For the records below, print the lines from the line with "using expset_upward_closed[OF assms(1)]" through the line with "by (rule row)" exactly as written; include both end lines and exclude the rest.

──────── Records for this task ────────

lemma matset_of_socle_exp:
  fixes I :: "('v::finite, 'k::comm_ring_1) mpoly set"
  assumes "monomial_ideal I" "socle_exp I b"
  obtains A where "A \<in> matset I" "(\<lambda>i. A i i - 1) = b"
proof -
  have "\<forall>v. \<exists>g. g \<in> mingens I \<and> g \<le> b + 0(v := 1)"
    using mingens_below assms(2) unfolding socle_exp_def by blast
  then obtain A where row: "\<And>v. A v \<in> mingens I" and below: "\<And>v. A v \<le> b + 0(v := 1)"
    by metis
  have off_diag: "A v l \<le> b l" if "l \<noteq> v" for v l
    using le_funD[OF below[of v], of l] that by simp
  have diag: "A v v = b v + 1" for v
  proof (rule ccontr)
    assume "A v v \<noteq> b v + 1"
    then have "A v v \<le> b v" using le_funD[OF below[of v], of v] by simp
    then have "A v \<le> b" using off_diag[of _ v] by (metis le_funI)
    then have "b \<in> expset I"
      using expset_upward_closed[OF assms(1)] row[of v] by (auto simp: mingens_def)
    then show False using assms(2) by (simp add: socle_exp_def)
  qed
  have "A \<in> matset I"
    unfolding matset_def
  proof (intro CollectI conjI allI impI)
    show "A i \<in> mingens I" for i by (rule row)
    show "A l i < A i i" if "l \<noteq> i" for i l
      using off_diag[of i l] diag[of i] that by simp
    show "(\<lambda>i. A i i - 1) \<notin> expset I"
      using assms(2) by (simp add: diag socle_exp_def)
  qed
  moreover have "(\<lambda>i. A i i - 1) = b" by (simp add: diag)
  ultimately show thesis by (rule that)
qed

lemma matset_trace_image:
  fixes I :: "('v::finite, 'k::comm_ring_1) mpoly set"
  assumes "monomial_ideal I"
  shows "{int (trace A) - int (card (UNIV :: 'v set)) | A. A \<in> matset I} = int ` tdeg ` Collect (socle_exp I)"
proof (intro equalityI subsetI)
  fix x assume "x \<in> {int (trace A) - int (card (UNIV :: 'v set)) | A. A \<in> matset I}"
  then obtain A where "A \<in> matset I" "x = int (trace A) - int (card (UNIV :: 'v set))" by blast
  then show "x \<in> int ` tdeg ` Collect (socle_exp I)"
    using matset_diag_socle_exp[OF assms] by auto
next
  fix x assume "x \<in> int ` tdeg ` Collect (socle_exp I)"
  then obtain b where b: "socle_exp I b" "x = int (tdeg b)" by blast
  then obtain A where "A \<in> matset I" "(\<lambda>i. A i i - 1) = b"
    using matset_of_socle_exp[OF assms] by blast
  then show "x \<in> {int (trace A) - int (card (UNIV :: 'v set)) | A. A \<in> matset I}"
    using matset_diag_socle_exp(2)[OF assms] b(2) by force
qed

theorem theorem4p1:
  fixes I :: "('v::finite, 'k::field) mpoly set"
  assumes "monomial_ideal I"
    and "m_primary I"
  shows "int (v_number I) = Min {int (trace A) - int (card (UNIV :: 'v set)) | A. A \<in> matset I}"
proof -
  let ?degrees = "tdeg ` Collect (socle_exp I)"
  have "int (v_number I) = int (Min ?degrees)"
    using v_number_eq_Min_socle_degrees[OF assms] by simp
  also have "\<dots> = Min (int ` ?degrees)"
    using finite_socle_degrees[OF assms] socle_exp_exists[OF assms]
    by (intro mono_Min_commute) (auto simp: mono_def)
  also have "\<dots> = Min {int (trace A) - int (card (UNIV :: 'v set)) | A. A \<in> matset I}"
    by (simp only: matset_trace_image[OF assms(1)])
  finally show ?thesis .
qed

end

────────

### Solution
      using expset_upward_closed[OF assms(1)] row[of v] by (auto simp: mingens_def)
    then show False using assms(2) by (simp add: socle_exp_def)
  qed
  have "A \<in> matset I"
    unfolding matset_def
  proof (intro CollectI conjI allI impI)
    show "A i \<in> mingens I" for i by (rule row)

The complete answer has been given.